## Data supplied
*** Begin section ***
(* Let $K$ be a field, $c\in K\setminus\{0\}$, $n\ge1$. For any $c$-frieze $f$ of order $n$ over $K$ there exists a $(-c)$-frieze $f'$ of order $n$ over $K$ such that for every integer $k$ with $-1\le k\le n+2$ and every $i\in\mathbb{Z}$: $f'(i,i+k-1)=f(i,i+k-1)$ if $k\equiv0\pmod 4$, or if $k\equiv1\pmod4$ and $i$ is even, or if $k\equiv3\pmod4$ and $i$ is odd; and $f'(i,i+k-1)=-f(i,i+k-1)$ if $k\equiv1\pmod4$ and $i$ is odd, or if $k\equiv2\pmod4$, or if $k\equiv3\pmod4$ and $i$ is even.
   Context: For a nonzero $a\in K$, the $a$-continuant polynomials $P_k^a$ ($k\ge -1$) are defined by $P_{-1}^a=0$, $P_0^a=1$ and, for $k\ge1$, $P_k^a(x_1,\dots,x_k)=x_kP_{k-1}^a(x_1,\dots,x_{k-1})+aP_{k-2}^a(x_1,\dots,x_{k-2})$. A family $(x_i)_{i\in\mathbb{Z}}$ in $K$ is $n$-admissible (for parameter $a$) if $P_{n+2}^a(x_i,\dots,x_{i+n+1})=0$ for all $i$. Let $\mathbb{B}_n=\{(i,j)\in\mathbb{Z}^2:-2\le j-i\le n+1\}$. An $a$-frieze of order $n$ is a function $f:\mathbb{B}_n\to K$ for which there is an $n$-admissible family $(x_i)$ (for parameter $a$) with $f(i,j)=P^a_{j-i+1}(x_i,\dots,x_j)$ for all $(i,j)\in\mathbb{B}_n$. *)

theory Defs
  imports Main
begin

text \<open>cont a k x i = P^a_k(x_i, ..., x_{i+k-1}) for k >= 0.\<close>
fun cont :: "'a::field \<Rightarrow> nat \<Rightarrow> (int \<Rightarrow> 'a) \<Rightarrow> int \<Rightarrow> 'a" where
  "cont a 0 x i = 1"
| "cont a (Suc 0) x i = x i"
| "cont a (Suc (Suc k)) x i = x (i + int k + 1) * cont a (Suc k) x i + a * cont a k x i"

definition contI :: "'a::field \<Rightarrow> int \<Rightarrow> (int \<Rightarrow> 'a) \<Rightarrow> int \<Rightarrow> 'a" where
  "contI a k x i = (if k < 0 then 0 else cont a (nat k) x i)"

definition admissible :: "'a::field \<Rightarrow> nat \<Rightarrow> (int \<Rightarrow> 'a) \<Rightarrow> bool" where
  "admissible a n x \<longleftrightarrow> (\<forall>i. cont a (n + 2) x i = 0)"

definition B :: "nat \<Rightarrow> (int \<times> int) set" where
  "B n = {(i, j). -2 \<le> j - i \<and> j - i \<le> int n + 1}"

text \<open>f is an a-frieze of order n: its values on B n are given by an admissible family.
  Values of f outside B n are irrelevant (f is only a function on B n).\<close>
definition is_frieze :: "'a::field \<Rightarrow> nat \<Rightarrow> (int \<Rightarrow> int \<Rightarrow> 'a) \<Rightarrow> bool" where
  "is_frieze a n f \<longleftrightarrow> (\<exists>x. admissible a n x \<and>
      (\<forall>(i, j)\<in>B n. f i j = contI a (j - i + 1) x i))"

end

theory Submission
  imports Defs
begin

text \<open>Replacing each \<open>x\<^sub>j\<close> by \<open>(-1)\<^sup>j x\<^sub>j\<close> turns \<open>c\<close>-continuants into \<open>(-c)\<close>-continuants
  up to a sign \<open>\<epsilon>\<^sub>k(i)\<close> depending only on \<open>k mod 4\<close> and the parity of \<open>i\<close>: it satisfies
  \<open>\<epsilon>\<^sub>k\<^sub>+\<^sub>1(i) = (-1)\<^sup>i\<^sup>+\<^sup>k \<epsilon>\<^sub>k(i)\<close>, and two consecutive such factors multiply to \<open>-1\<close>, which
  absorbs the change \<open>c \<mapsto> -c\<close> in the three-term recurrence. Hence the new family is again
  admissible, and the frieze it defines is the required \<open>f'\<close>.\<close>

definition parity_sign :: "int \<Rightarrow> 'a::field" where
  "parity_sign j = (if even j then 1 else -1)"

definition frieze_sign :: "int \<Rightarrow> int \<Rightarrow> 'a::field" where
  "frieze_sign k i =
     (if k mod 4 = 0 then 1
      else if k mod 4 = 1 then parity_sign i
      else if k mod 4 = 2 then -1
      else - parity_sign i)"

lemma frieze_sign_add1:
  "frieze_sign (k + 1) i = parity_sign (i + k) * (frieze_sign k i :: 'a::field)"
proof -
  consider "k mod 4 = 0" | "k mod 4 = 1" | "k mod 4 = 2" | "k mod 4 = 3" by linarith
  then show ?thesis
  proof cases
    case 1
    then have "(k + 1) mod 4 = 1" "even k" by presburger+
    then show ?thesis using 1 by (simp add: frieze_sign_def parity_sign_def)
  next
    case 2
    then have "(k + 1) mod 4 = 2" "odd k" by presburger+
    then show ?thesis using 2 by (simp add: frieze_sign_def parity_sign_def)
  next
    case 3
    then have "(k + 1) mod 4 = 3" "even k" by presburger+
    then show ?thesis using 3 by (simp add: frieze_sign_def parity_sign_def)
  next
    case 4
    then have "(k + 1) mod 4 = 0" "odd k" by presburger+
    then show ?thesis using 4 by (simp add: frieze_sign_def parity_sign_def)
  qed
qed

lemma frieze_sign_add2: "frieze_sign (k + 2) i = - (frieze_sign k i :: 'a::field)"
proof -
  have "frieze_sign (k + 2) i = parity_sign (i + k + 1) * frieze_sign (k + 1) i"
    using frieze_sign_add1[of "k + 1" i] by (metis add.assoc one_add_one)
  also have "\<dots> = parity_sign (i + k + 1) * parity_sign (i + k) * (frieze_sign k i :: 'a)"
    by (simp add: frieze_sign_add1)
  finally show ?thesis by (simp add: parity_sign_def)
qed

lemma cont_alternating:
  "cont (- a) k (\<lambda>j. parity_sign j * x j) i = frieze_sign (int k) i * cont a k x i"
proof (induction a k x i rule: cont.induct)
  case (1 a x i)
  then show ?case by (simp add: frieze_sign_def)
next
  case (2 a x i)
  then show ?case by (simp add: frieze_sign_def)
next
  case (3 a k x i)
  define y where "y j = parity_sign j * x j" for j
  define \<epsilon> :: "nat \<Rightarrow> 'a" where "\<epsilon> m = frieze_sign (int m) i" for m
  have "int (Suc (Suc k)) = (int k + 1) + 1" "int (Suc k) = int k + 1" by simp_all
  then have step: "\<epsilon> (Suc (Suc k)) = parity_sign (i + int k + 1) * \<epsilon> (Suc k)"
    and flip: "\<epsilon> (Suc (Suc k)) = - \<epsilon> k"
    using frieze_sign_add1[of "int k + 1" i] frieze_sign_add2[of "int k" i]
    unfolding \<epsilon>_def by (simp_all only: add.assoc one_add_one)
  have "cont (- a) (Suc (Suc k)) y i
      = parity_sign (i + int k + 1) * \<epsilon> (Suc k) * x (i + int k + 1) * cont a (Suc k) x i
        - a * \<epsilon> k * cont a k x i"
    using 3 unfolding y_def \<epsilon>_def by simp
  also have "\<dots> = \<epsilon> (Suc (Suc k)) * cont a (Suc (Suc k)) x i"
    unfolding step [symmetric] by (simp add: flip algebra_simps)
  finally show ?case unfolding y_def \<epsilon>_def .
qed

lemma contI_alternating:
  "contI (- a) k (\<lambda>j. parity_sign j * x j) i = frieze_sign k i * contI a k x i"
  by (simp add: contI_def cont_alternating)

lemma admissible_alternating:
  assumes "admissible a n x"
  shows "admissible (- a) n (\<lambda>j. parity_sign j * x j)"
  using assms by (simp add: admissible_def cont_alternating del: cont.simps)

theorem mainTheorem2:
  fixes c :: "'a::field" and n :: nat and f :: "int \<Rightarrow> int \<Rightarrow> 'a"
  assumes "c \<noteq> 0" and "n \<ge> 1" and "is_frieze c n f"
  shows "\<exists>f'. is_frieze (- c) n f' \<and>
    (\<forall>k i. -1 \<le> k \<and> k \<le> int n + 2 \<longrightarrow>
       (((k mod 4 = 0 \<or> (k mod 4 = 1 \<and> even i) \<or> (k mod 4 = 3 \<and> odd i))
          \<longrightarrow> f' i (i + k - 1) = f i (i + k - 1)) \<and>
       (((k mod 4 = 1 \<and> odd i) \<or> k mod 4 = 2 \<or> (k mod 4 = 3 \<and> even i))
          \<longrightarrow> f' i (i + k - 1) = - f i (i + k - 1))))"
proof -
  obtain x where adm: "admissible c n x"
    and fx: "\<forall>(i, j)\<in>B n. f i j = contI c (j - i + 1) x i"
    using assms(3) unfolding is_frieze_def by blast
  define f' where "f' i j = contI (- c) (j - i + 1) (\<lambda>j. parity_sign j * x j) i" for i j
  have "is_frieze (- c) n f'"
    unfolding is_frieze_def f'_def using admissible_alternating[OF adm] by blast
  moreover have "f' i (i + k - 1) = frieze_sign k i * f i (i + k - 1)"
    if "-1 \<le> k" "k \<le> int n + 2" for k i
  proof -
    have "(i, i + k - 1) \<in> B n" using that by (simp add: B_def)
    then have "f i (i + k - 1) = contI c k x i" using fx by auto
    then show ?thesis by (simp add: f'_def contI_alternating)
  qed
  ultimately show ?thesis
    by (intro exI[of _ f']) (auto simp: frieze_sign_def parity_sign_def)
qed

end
*** End section ***
*** Begin section ***
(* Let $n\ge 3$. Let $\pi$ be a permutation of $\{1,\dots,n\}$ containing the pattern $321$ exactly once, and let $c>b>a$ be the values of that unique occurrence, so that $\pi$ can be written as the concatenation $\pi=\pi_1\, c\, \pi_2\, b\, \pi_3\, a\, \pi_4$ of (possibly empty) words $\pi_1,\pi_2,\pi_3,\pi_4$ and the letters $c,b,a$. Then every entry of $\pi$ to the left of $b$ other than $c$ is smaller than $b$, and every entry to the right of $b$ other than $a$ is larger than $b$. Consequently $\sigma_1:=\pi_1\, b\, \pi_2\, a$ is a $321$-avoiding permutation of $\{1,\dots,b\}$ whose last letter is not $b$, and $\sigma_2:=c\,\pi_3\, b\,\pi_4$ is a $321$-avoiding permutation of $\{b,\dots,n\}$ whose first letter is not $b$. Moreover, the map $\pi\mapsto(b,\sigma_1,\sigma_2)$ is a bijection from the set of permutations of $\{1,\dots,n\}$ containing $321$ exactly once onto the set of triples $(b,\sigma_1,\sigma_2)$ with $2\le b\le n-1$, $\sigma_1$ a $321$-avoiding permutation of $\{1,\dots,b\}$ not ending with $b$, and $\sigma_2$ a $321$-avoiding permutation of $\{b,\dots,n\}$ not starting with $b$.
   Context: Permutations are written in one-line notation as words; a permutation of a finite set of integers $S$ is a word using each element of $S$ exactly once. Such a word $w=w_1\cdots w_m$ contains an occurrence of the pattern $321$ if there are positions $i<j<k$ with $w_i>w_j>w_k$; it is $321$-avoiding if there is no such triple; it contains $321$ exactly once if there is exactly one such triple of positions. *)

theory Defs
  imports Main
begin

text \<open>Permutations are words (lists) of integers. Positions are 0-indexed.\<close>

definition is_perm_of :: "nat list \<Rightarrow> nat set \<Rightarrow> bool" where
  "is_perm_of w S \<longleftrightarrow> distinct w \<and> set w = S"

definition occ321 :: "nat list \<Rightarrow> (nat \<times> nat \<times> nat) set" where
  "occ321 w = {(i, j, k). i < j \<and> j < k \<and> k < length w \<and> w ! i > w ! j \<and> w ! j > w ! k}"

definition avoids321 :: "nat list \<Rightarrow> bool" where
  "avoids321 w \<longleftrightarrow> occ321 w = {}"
*** End section ***
Compute how many lines in the material contain the word "step". Only the result should be written.

2